» **Assigned task**
Repeat the lines of the data that follow, please, starting at the first and stopping after the one with "norm x powr".

» **Data shown**
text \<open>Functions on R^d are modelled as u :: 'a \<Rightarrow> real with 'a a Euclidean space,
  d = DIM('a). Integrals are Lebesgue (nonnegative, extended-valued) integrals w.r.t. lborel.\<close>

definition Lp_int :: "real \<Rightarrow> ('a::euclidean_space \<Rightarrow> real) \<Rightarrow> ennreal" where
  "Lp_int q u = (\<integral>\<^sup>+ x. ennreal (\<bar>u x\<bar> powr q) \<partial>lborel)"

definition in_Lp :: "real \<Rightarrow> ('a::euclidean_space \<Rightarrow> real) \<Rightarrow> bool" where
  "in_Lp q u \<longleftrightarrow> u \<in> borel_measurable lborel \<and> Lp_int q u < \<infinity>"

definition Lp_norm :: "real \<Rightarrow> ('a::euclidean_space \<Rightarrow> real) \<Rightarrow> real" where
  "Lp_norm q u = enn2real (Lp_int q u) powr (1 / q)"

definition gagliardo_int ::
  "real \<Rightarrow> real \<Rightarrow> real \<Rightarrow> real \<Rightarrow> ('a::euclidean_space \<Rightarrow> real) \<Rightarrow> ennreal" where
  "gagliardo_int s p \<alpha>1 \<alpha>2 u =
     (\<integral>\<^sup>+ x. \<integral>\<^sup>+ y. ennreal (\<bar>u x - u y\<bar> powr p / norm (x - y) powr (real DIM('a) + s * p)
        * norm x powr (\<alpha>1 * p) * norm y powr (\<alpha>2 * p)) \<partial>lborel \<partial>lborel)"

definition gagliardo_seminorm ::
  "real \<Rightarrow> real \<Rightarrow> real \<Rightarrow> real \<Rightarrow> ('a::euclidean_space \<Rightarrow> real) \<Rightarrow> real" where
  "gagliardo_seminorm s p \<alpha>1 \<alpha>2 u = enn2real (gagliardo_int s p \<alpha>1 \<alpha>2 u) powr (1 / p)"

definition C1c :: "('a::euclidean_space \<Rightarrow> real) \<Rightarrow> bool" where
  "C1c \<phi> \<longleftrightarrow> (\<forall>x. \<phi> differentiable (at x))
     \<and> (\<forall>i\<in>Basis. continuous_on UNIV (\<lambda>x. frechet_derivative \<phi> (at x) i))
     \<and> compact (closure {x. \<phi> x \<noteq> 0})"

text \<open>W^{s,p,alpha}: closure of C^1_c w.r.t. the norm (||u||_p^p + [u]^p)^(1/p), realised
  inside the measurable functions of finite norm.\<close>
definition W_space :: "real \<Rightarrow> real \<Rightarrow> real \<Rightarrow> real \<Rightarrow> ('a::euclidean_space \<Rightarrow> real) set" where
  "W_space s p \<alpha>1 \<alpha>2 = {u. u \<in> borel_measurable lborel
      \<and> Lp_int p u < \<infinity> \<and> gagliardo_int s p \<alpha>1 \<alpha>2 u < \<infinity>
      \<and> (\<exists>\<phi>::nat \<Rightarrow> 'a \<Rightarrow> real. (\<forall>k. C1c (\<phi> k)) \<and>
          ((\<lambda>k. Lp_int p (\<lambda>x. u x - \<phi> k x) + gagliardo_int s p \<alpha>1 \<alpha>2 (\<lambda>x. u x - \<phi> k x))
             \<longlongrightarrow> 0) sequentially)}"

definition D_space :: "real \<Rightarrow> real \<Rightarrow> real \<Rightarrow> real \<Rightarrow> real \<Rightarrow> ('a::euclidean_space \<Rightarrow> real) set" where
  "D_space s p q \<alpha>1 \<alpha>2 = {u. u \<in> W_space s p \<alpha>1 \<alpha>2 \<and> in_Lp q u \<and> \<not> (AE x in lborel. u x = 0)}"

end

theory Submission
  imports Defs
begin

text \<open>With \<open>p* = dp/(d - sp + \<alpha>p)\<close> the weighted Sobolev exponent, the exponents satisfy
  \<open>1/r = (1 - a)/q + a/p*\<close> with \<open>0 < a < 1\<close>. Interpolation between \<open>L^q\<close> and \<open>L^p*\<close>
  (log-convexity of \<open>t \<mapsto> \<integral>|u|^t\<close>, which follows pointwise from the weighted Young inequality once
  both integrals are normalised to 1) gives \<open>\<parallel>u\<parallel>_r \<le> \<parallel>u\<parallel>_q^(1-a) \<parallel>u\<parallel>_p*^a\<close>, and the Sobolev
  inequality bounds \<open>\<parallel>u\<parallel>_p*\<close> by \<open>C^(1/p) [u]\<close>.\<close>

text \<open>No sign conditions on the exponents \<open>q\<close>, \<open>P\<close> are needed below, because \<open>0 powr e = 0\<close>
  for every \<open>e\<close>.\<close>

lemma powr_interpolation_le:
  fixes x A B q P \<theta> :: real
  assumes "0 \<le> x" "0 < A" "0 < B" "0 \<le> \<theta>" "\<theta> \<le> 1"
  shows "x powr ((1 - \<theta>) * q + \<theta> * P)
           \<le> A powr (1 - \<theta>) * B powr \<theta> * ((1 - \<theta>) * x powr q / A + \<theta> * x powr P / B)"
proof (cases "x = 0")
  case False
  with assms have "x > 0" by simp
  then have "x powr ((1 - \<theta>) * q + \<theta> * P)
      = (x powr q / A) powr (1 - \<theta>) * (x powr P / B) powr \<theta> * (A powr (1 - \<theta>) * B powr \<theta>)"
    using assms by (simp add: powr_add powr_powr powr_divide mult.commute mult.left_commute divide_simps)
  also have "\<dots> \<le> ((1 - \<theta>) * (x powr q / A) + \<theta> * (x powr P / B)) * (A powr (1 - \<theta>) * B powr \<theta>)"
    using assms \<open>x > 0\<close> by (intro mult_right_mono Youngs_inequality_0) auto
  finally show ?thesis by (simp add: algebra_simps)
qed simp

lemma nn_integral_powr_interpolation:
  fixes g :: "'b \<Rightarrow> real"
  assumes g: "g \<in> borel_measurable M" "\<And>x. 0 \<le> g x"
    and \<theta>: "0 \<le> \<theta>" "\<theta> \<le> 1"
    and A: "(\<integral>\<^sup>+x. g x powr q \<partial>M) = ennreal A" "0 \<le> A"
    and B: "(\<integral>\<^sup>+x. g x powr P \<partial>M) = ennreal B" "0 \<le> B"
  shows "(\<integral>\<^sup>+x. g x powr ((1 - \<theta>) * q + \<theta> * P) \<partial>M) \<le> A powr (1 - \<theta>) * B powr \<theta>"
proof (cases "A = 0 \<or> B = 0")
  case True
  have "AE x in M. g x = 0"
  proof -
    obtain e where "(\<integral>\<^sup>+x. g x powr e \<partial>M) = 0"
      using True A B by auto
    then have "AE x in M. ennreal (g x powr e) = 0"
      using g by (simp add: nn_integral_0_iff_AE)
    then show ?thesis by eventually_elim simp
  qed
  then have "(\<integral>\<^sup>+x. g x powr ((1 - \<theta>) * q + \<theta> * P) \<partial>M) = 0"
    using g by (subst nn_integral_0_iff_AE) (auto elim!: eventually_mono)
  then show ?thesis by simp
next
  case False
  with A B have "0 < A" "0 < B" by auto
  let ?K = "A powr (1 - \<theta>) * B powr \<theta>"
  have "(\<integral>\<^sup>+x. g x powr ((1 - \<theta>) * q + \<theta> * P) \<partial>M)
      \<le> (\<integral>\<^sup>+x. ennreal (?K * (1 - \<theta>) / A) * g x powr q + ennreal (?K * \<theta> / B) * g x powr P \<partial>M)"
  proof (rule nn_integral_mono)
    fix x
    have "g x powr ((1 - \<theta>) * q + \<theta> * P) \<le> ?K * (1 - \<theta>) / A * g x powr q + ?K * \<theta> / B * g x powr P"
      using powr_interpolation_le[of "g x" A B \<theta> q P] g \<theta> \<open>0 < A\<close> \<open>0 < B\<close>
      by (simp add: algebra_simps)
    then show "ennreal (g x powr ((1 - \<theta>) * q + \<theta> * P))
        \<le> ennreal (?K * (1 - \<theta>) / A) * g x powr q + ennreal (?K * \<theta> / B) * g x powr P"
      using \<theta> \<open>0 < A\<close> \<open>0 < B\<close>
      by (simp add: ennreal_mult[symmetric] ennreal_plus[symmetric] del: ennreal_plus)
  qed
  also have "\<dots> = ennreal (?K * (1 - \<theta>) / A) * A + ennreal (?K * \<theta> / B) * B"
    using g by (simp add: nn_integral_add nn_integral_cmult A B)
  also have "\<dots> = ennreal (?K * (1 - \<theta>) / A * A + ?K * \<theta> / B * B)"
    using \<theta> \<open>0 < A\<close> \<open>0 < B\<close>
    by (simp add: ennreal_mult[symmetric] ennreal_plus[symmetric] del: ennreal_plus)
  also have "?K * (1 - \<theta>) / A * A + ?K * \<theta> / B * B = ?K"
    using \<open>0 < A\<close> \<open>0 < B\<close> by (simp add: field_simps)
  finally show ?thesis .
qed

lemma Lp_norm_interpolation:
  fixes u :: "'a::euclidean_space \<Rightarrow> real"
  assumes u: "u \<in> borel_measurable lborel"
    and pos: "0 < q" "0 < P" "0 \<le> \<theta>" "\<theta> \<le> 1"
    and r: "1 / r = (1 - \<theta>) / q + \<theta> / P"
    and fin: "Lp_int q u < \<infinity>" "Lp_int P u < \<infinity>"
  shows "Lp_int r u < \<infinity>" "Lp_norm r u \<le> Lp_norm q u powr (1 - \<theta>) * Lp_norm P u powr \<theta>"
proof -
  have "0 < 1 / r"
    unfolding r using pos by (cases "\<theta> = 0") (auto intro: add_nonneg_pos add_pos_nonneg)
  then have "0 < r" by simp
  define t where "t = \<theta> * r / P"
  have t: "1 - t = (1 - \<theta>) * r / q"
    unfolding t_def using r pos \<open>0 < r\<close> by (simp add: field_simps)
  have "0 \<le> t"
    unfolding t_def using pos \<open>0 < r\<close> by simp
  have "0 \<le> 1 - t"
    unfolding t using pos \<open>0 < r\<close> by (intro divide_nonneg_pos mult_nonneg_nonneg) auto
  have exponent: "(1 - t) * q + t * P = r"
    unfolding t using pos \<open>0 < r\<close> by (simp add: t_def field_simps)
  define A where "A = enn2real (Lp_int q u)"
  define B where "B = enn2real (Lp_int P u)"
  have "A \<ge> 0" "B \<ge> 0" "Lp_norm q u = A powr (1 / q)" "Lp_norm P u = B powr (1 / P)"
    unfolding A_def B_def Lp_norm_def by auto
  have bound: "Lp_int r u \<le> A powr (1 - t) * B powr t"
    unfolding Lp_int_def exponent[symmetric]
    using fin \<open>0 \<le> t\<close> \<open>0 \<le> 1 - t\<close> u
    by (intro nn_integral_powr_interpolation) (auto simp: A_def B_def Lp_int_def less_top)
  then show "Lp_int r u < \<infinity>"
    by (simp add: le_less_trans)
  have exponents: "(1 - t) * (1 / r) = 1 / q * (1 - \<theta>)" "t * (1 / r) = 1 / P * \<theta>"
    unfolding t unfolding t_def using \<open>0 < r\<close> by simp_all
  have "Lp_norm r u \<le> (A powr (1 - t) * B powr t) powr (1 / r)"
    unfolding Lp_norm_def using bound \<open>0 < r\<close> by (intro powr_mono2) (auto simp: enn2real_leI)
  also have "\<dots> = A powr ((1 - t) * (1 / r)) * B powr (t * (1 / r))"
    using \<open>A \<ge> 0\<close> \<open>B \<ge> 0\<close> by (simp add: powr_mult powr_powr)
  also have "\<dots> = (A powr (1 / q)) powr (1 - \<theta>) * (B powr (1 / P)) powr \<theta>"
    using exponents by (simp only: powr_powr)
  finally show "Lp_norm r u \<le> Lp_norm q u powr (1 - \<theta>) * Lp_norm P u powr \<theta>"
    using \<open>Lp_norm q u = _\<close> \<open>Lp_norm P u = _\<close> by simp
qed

» **Finished task**
text \<open>Functions on R^d are modelled as u :: 'a \<Rightarrow> real with 'a a Euclidean space,
  d = DIM('a). Integrals are Lebesgue (nonnegative, extended-valued) integrals w.r.t. lborel.\<close>

definition Lp_int :: "real \<Rightarrow> ('a::euclidean_space \<Rightarrow> real) \<Rightarrow> ennreal" where
  "Lp_int q u = (\<integral>\<^sup>+ x. ennreal (\<bar>u x\<bar> powr q) \<partial>lborel)"

definition in_Lp :: "real \<Rightarrow> ('a::euclidean_space \<Rightarrow> real) \<Rightarrow> bool" where
  "in_Lp q u \<longleftrightarrow> u \<in> borel_measurable lborel \<and> Lp_int q u < \<infinity>"

definition Lp_norm :: "real \<Rightarrow> ('a::euclidean_space \<Rightarrow> real) \<Rightarrow> real" where
  "Lp_norm q u = enn2real (Lp_int q u) powr (1 / q)"

definition gagliardo_int ::
  "real \<Rightarrow> real \<Rightarrow> real \<Rightarrow> real \<Rightarrow> ('a::euclidean_space \<Rightarrow> real) \<Rightarrow> ennreal" where
  "gagliardo_int s p \<alpha>1 \<alpha>2 u =
     (\<integral>\<^sup>+ x. \<integral>\<^sup>+ y. ennreal (\<bar>u x - u y\<bar> powr p / norm (x - y) powr (real DIM('a) + s * p)
        * norm x powr (\<alpha>1 * p) * norm y powr (\<alpha>2 * p)) \<partial>lborel \<partial>lborel)"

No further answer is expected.